The Virginia ruling potentially presents a thornier problem, because Judge Brinkema found that the executive order improperly targeted Muslims without any evidence of a national security threat that might justify a travel ban.
The executive order also suspended the U.S. refugee program for four months and indefinitely blocked entry by Syrian refugees. Those sections of the order were covered by the Ninth Circuit ruling, but not by Judge Brinkema’s decision.
None of the court rulings so far have considered the underlying legality of the executive order, but have weighed whether it should be suspended while the arguments on its fundamental legality make their way through the courts. In suspending the order, the judges have found that the underlying legal challenges are likely to succeed.
The Trump administration vigorously denies that the order was a Muslim ban and argued that the president has a clear right to make decisions regarding national security and immigration that shouldn’t be second-guessed by the court.
Judge Brinkema, in questioning those denials, cited previous statements from Mr. Trump and his aides about seeking to bar Muslims from entering the U.S., linking those statements to the executive order.
“The specific sequence of events leading to the adoption” of the executive order supports the claim that the order “was not motivated by rational national security concerns,” she wrote.
Mr. Heaphy said Judge Brinkema’s ruling could make it more difficult for the administration to issue a new order “because she found as fact (that) the president wants to ban Muslims.” That issue is likely to be hotly litigated even if a new and narrower executive order is put in place, he said.
Vikram Amar, dean of the University of Illinois College of Law, said Judge Brinkema’s ruling raises important legal questions that are likely to get a further look by the courts, such as how much judges should be able to look beyond the text of an executive order to outside evidence that could shed light on the president’s intent.
Mr. Amar said there also is a question about whether courts should be examining comments Mr. Trump made before he won the White House, “particularly in such informal venues such as Twitter or in campaign statements.” It’s not clear that a majority on the Supreme Court “would want judges going down that road,” he said.
The trajectory of the current court cases on the travel ban will depend heavily on what any new Trump administration order says, and whether the White House wants to continue its defense of the existing executive order.
If Mr. Trump simply modifies the current order without withdrawing it, “then the current cases stay alive,” with judges taking into account the changes to the order, said Boston College law professor Kari Hong.
If the White House fully withdraws the Jan. 27 order, however, the batch of cases pending could become moot, with any challenges starting anew against the rewritten directive.
If the government seeks a stay of Judge Brinkema’s injunction, that request would go to the Fourth U.S. Circuit Court of Appeals in Richmond, meaning another federal appeals court would weigh in on the order.

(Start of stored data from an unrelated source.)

(* Let $\Lambda$ be a linear functional on $\widehat{\mathcal D}^+_0=\mathcal D^+_0\oplus\mathbb C C$, and let $L(\widehat{\mathcal D}^+;\Lambda)$ be the irreducible highest weight $\widehat{\mathcal D}^+$-module with highest weight $\Lambda$. Define $\Delta^+_n=-\Lambda((D+1/2)^n)$ for odd $n\ge1$ and $\Delta^+_\Lambda(x)=\sum_{n\ \mathrm{odd}\ \ge1}\frac{x^n}{n!}\Delta^+_n$. Then $L(\widehat{\mathcal D}^+;\Lambda)$ is quasifinite if and only if $\Delta^+_\Lambda(x)=\dfrac{F(x)}{2\sinh(x/2)}$ for some even quasipolynomial $F(x)$ with $F(0)=0$.
   Context: $\mathcal D$ is the Lie algebra of differential operators $t^kf(D)$ on the circle ($D=t\frac d{dt}$, $f$ polynomial, $f(D)t^s=t^sf(D+s)$). $\widehat{\mathcal D}=\mathcal D\oplus\mathbb CC$ with $[t^rf(D),t^sg(D)]=t^{r+s}(f(D+s)g(D)-f(D)g(D+r))+\Psi(t^rf(D),t^sg(D))C$, where $\Psi=0$ if $r+s\ne0$, $\Psi(t^rf(D),t^{-r}g(D))=\sum_{-r\le j\le-1}f(j)g(j+r)$ for $r\ge0$ (and $\Psi$ is antisymmetric). $\mathcal D^+=\{a\in\mathcal D:\sigma(a)=-a\}$ where $\sigma$ is the anti-involution with $t\mapsto t$, $D\mapsto -D-1$; $\widehat{\mathcal D}^+=\mathcal D^+\oplus\mathbb CC\subset\widehat{\mathcal D}$. Grading: $\deg t^kf(D)=k$, $\deg C=0$; $\widehat{\mathcal D}^+_{\pm}$ = sum of positive/negative degree parts; $\mathcal D^+_0=\{g(D+1/2):g\text{ odd polynomial}\}$. A highest weight module is generated by a vector annihilated by $\widehat{\mathcal D}^+_+$ on which $\widehat{\mathcal D}^+_0$ acts by $\Lambda$; $L(\widehat{\mathcal D}^+;\Lambda)$ is the irreducible quotient of the Verma module. A graded module $V=\oplus_jV_j$ is quasifinite if every $V_j$ is finite dimensional. A quasipolynomial is a finite linear combination of functions $p(x)e^{\alpha x}$, $p$ polynomial, $\alpha\in\mathbb C$. *)

theory Defs
  imports "HOL-Analysis.Analysis" "HOL-Computational_Algebra.Polynomial"
    "HOL-Computational_Algebra.Formal_Power_Series"
begin

(* An element of the Lie algebra D of differential operators on the circle,
   sum_k t^k f_k(D), is represented by the coefficient function k |-> f_k
   (finite support required where relevant).  An element of Dhat = D + CC
   is a pair (a, c) standing for a + c*C. *)
type_synonym dop = "int \<Rightarrow> complex poly"
type_synonym dhat = "dop \<times> complex"

definition supp :: "dop \<Rightarrow> int set" where
  "supp a = {k. a k \<noteq> 0}"

definition shiftp :: "complex poly \<Rightarrow> int \<Rightarrow> complex poly" where
  "shiftp f s = pcompose f [:of_int s, 1:]"

(* [t^r f(D), t^s g(D)] = t^(r+s) (f(D+s) g(D) - f(D) g(D+r)), extended bilinearly *)
definition brD :: "dop \<Rightarrow> dop \<Rightarrow> dop" where
  "brD a b = (\<lambda>k. \<Sum>r\<in>supp a. shiftp (a r) (k - r) * b (k - r) - a r * shiftp (b (k - r)) r)"

(* Psi(t^r f(D), t^(-r) g(D)); for r < 0 obtained by antisymmetry *)
definition psi_mono :: "int \<Rightarrow> complex poly \<Rightarrow> complex poly \<Rightarrow> complex" where
  "psi_mono r f g =
     (if r \<ge> 0 then (\<Sum>j\<in>{-r..-1}. poly f (of_int j) * poly g (of_int (j + r)))
      else - (\<Sum>j\<in>{r..-1}. poly g (of_int j) * poly f (of_int (j - r))))"

definition psi :: "dop \<Rightarrow> dop \<Rightarrow> complex" where
  "psi a b = (\<Sum>r\<in>supp a. psi_mono r (a r) (b (- r)))"

definition brHat :: "dhat \<Rightarrow> dhat \<Rightarrow> dhat" where
  "brHat x y = (brD (fst x) (fst y), psi (fst x) (fst y))"

definition addHat :: "dhat \<Rightarrow> dhat \<Rightarrow> dhat" where
  "addHat x y = ((\<lambda>k. fst x k + fst y k), snd x + snd y)"

definition scaleHat :: "complex \<Rightarrow> dhat \<Rightarrow> dhat" where
  "scaleHat c x = ((\<lambda>k. smult c (fst x k)), c * snd x)"

(* sigma(t^k f(D)) = f(-D-1) t^k = t^k f(-D-k-1); D^+ = {a. sigma a = -a} *)
definition Dplus :: "dop set" where
  "Dplus = {a. finite (supp a) \<and> (\<forall>k. pcompose (a k) [:- of_int k - 1, -1:] = - a k)}"

definition DhatPlus :: "dhat set" where
  "DhatPlus = {x. fst x \<in> Dplus}"

definition DhatPlus_pos :: "dhat set" where
  "DhatPlus_pos = {(a, 0) | a. a \<in> Dplus \<and> (\<forall>k\<le>0. a k = 0)}"

definition DhatPlus_zero :: "dhat set" where
  "DhatPlus_zero = {(a, c) | a c. a \<in> Dplus \<and> (\<forall>k. k \<noteq> 0 \<longrightarrow> a k = 0)}"

definition mono0 :: "complex poly \<Rightarrow> dhat" where
  "mono0 g = ((\<lambda>k. if k = 0 then g else 0), 0)"

definition halfD :: "complex poly" where
  "halfD = [:1/2, 1:]"

definition linear_on_zero :: "(dhat \<Rightarrow> complex) \<Rightarrow> bool" where
  "linear_on_zero \<Lambda> \<longleftrightarrow>
     (\<forall>x\<in>DhatPlus_zero. \<forall>y\<in>DhatPlus_zero. \<Lambda> (addHat x y) = \<Lambda> x + \<Lambda> y) \<and>
     (\<forall>c. \<forall>x\<in>DhatPlus_zero. \<Lambda> (scaleHat c x) = c * \<Lambda> x)"

definition is_rep :: "(complex \<Rightarrow> 'v::ab_group_add \<Rightarrow> 'v) \<Rightarrow> (dhat \<Rightarrow> 'v \<Rightarrow> 'v) \<Rightarrow> bool" where
  "is_rep sc \<pi> \<longleftrightarrow> vector_space sc \<and>
     (\<forall>x\<in>DhatPlus. \<forall>u w. \<pi> x (u + w) = \<pi> x u + \<pi> x w) \<and>
     (\<forall>x\<in>DhatPlus. \<forall>c u. \<pi> x (sc c u) = sc c (\<pi> x u)) \<and>
     (\<forall>x\<in>DhatPlus. \<forall>y\<in>DhatPlus. \<forall>u. \<pi> (addHat x y) u = \<pi> x u + \<pi> y u) \<and>
     (\<forall>x\<in>DhatPlus. \<forall>c u. \<pi> (scaleHat c x) u = sc c (\<pi> x u)) \<and>
     (\<forall>x\<in>DhatPlus. \<forall>y\<in>DhatPlus. \<forall>u. \<pi> (brHat x y) u = \<pi> x (\<pi> y u) - \<pi> y (\<pi> x u))"

definition invariant_subspace :: "(complex \<Rightarrow> 'v::ab_group_add \<Rightarrow> 'v) \<Rightarrow> (dhat \<Rightarrow> 'v \<Rightarrow> 'v) \<Rightarrow> 'v set \<Rightarrow> bool" where
  "invariant_subspace sc \<pi> W \<longleftrightarrow> module.subspace sc W \<and> (\<forall>x\<in>DhatPlus. \<pi> x ` W \<subseteq> W)"

definition hw_vector :: "(complex \<Rightarrow> 'v::ab_group_add \<Rightarrow> 'v) \<Rightarrow> (dhat \<Rightarrow> 'v \<Rightarrow> 'v) \<Rightarrow> (dhat \<Rightarrow> complex) \<Rightarrow> 'v \<Rightarrow> bool" where
  "hw_vector sc \<pi> \<Lambda> v \<longleftrightarrow> v \<noteq> 0 \<and>
     (\<forall>x\<in>DhatPlus_pos. \<pi> x v = 0) \<and>
     (\<forall>h\<in>DhatPlus_zero. \<pi> h v = sc (\<Lambda> h) v) \<and>
     (\<forall>W. invariant_subspace sc \<pi> W \<and> v \<in> W \<longrightarrow> W = UNIV)"

definition irreducible_rep :: "(complex \<Rightarrow> 'v::ab_group_add \<Rightarrow> 'v) \<Rightarrow> (dhat \<Rightarrow> 'v \<Rightarrow> 'v) \<Rightarrow> bool" where
  "irreducible_rep sc \<pi> \<longleftrightarrow> (\<exists>u::'v. u \<noteq> 0) \<and>
     (\<forall>W. invariant_subspace sc \<pi> W \<longrightarrow> W = {0} \<or> W = UNIV)"

(* graded piece V_j: ad(D+1/2) is the degree derivation, so V_j is the
   eigenspace of pi(D+1/2) for the eigenvalue Lambda(D+1/2) + j *)
definition grade_space :: "(complex \<Rightarrow> 'v::ab_group_add \<Rightarrow> 'v) \<Rightarrow> (dhat \<Rightarrow> 'v \<Rightarrow> 'v) \<Rightarrow> (dhat \<Rightarrow> complex) \<Rightarrow> int \<Rightarrow> 'v set" where
  "grade_space sc \<pi> \<Lambda> j =
     {w. \<pi> (mono0 halfD) w = sc (\<Lambda> (mono0 halfD) + of_int j) w}"

definition quasifinite :: "(complex \<Rightarrow> 'v::ab_group_add \<Rightarrow> 'v) \<Rightarrow> (dhat \<Rightarrow> 'v \<Rightarrow> 'v) \<Rightarrow> (dhat \<Rightarrow> complex) \<Rightarrow> bool" where
  "quasifinite sc \<pi> \<Lambda> \<longleftrightarrow>
     (\<forall>j::int. \<exists>B. finite B \<and> B \<subseteq> grade_space sc \<pi> \<Lambda> j \<and>
        grade_space sc \<pi> \<Lambda> j \<subseteq> module.span sc B)"

definition DeltaN :: "(dhat \<Rightarrow> complex) \<Rightarrow> nat \<Rightarrow> complex" where
  "DeltaN \<Lambda> n = - \<Lambda> (mono0 (halfD ^ n))"

definition DeltaFps :: "(dhat \<Rightarrow> complex) \<Rightarrow> complex fps" where
  "DeltaFps \<Lambda> = Abs_fps (\<lambda>n. if odd n then DeltaN \<Lambda> n / fact n else 0)"

definition is_quasipoly :: "(complex \<Rightarrow> complex) \<Rightarrow> bool" where
  "is_quasipoly F \<longleftrightarrow>
     (\<exists>ps :: (complex poly \<times> complex) list.
        \<forall>x. F x = (\<Sum>(p, \<alpha>)\<leftarrow>ps. poly p x * exp (\<alpha> * x)))"

definition taylor_fps :: "(complex \<Rightarrow> complex) \<Rightarrow> complex fps" where
  "taylor_fps F = Abs_fps (\<lambda>n. (deriv ^^ n) F 0 / fact n)"

end

theory Submission
  imports Defs "HOL-Computational_Algebra.Polynomial_FPS"
    "HOL-Computational_Algebra.Fundamental_Theorem_Algebra"
begin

So far, the Ninth Circuit in San Francisco is the only appeals court to consider a travel-ban case. The federal appeals courts are one step below the U.S. Supreme Court and are the final word on many legal matters, as the high court only accepts about 70 cases a year.
The likelihood of near-term Supreme Court action in this case may be even slimmer, because the court has had eight members since the death of Justice Antonin Scalia. If the justices divide 4-4, the appeals court decisions would stand, which could create confusion if those decisions are in conflict.